### Assigned task
Exact copies are required of the lines from the line containing "by (simp add: wick_assoc wick_padd_left" through the final line of the listing, both included, and of no other lines.

▬▬▬▬▬▬

lemma wick_zbar_zvar_left:
  "i \<le> n \<Longrightarrow> j \<le> n \<Longrightarrow> X \<in> polys n \<Longrightarrow>
    zbar i \<star> (zvar j \<star> X) = padd (zvar j \<star> (zbar i \<star> X)) (psmult (if i = j then of_real h else 0) X)"
  by (simp add: wick_assoc[symmetric] wick_zbar_zvar wick_padd_left wick_psmult_left wick_punit_left)

lemma wick_zvar_commute_left: "i \<le> n \<Longrightarrow> j \<le> n \<Longrightarrow> X \<in> polys n \<Longrightarrow> zvar i \<star> (zvar j \<star> X) = zvar j \<star> (zvar i \<star> X)"
  by (simp add: wick_assoc[symmetric] wick_zvar_commute)

lemma wick_zbar_commute_left: "i \<le> n \<Longrightarrow> j \<le> n \<Longrightarrow> X \<in> polys n \<Longrightarrow> zbar i \<star> (zbar j \<star> X) = zbar j \<star> (zbar i \<star> X)"
  by (simp add: wick_assoc[symmetric] wick_zbar_commute)

text \<open>For \<open>n = 1\<close> and \<open>\<mu> = -h\<close> both ladder steps turn the certificate \<open>1\<close> into \<open>0\<close>; instead, with
  \<open>E\<^sub>i\<^sub>j = z\<^sub>i \<bar>z\<^sub>j\<close>, the identity
  \<open>E\<^sub>0\<^sub>1\<^sup>* E\<^sub>0\<^sub>1 + E\<^sub>1\<^sub>0\<^sup>* E\<^sub>1\<^sub>0 + (E\<^sub>0\<^sub>0 - E\<^sub>1\<^sub>1)\<^sup>* (E\<^sub>0\<^sub>0 - E\<^sub>1\<^sub>1) / 2 = \<mu>(\<mu> + 2h)/2 + (J - \<mu>)(J/2 + \<mu>/2 + h)\<close>
  is checked by normal ordering.\<close>

lemma pos_mod_J_two_modes:
  assumes "n = 1"
  shows "pos_mod_J \<mu> (\<mu> * (\<mu> + 2 * h) / 2)"
proof -
  define E where "E i j = zvar i \<star> zbar j" for i j
  define D where "D = padd (E 0 0) (psmult (-1) (E 1 1))"
  define c where "c = padd (padd (pstar (E 0 1) \<star> E 0 1) (pstar (E 1 0) \<star> E 1 0)) (psmult (of_real (1/2)) (pstar D \<star> D))"
  define y where "y = padd (psmult (1/2) (Jpoly n)) (pconst (of_real \<mu> / 2 + of_real h))"
  have EB: "E i j \<in> Balg n" if "i \<le> 1" "j \<le> 1" for i j
    unfolding E_def using that assms
    by (intro wick_Balg_of_hom_deg[of _ n _ "-1"]) (simp_all add: hom_deg_zvar hom_deg_zbar)
  then have "c \<in> poscone n h"
    unfolding c_def D_def by (intro poscone_padd poscone_square poscone_psmult) simp_all
  moreover have "y \<in> Balg n" by (simp add: y_def)
  moreover have "c = padd (pconst (of_real (\<mu> * (\<mu> + 2 * h) / 2))) (J_plus (- of_real \<mu>) \<star> y)"
  proof -
    have J: "Jpoly n = padd (zvar 0 \<star> zbar 0) (zvar 1 \<star> zbar 1)"
      using Jpoly_eq_psum_wick assms by (simp add: psum_def padd_def atMost_Suc fun_eq_iff)
    have "1 \<le> n" using assms by simp
    then show ?thesis
      unfolding c_def y_def D_def E_def J_plus_def pconst_def J
      by (simp add: wick_assoc wick_padd_left wick_padd_right wick_psmult_left wick_psmult_right
          wick_punit_left wick_punit_right pstar_wick pstar_padd pstar_psmult
          wick_zbar_zvar_left wick_zbar_commute_left wick_zvar_commute_left wick_zbar_zvar
          wick_zbar_commute wick_zvar_commute)
        (simp add: padd_def psmult_def fun_eq_iff algebra_simps)
  qed
  ultimately show ?thesis unfolding pos_mod_J_def by metis
qed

▬▬▬▬▬▬

### Reply
      by (simp add: wick_assoc wick_padd_left wick_padd_right wick_psmult_left wick_psmult_right
          wick_punit_left wick_punit_right pstar_wick pstar_padd pstar_psmult
          wick_zbar_zvar_left wick_zbar_commute_left wick_zvar_commute_left wick_zbar_zvar
          wick_zbar_commute wick_zvar_commute)
        (simp add: padd_def psmult_def fun_eq_iff algebra_simps)
  qed
  ultimately show ?thesis unfolding pos_mod_J_def by metis
qed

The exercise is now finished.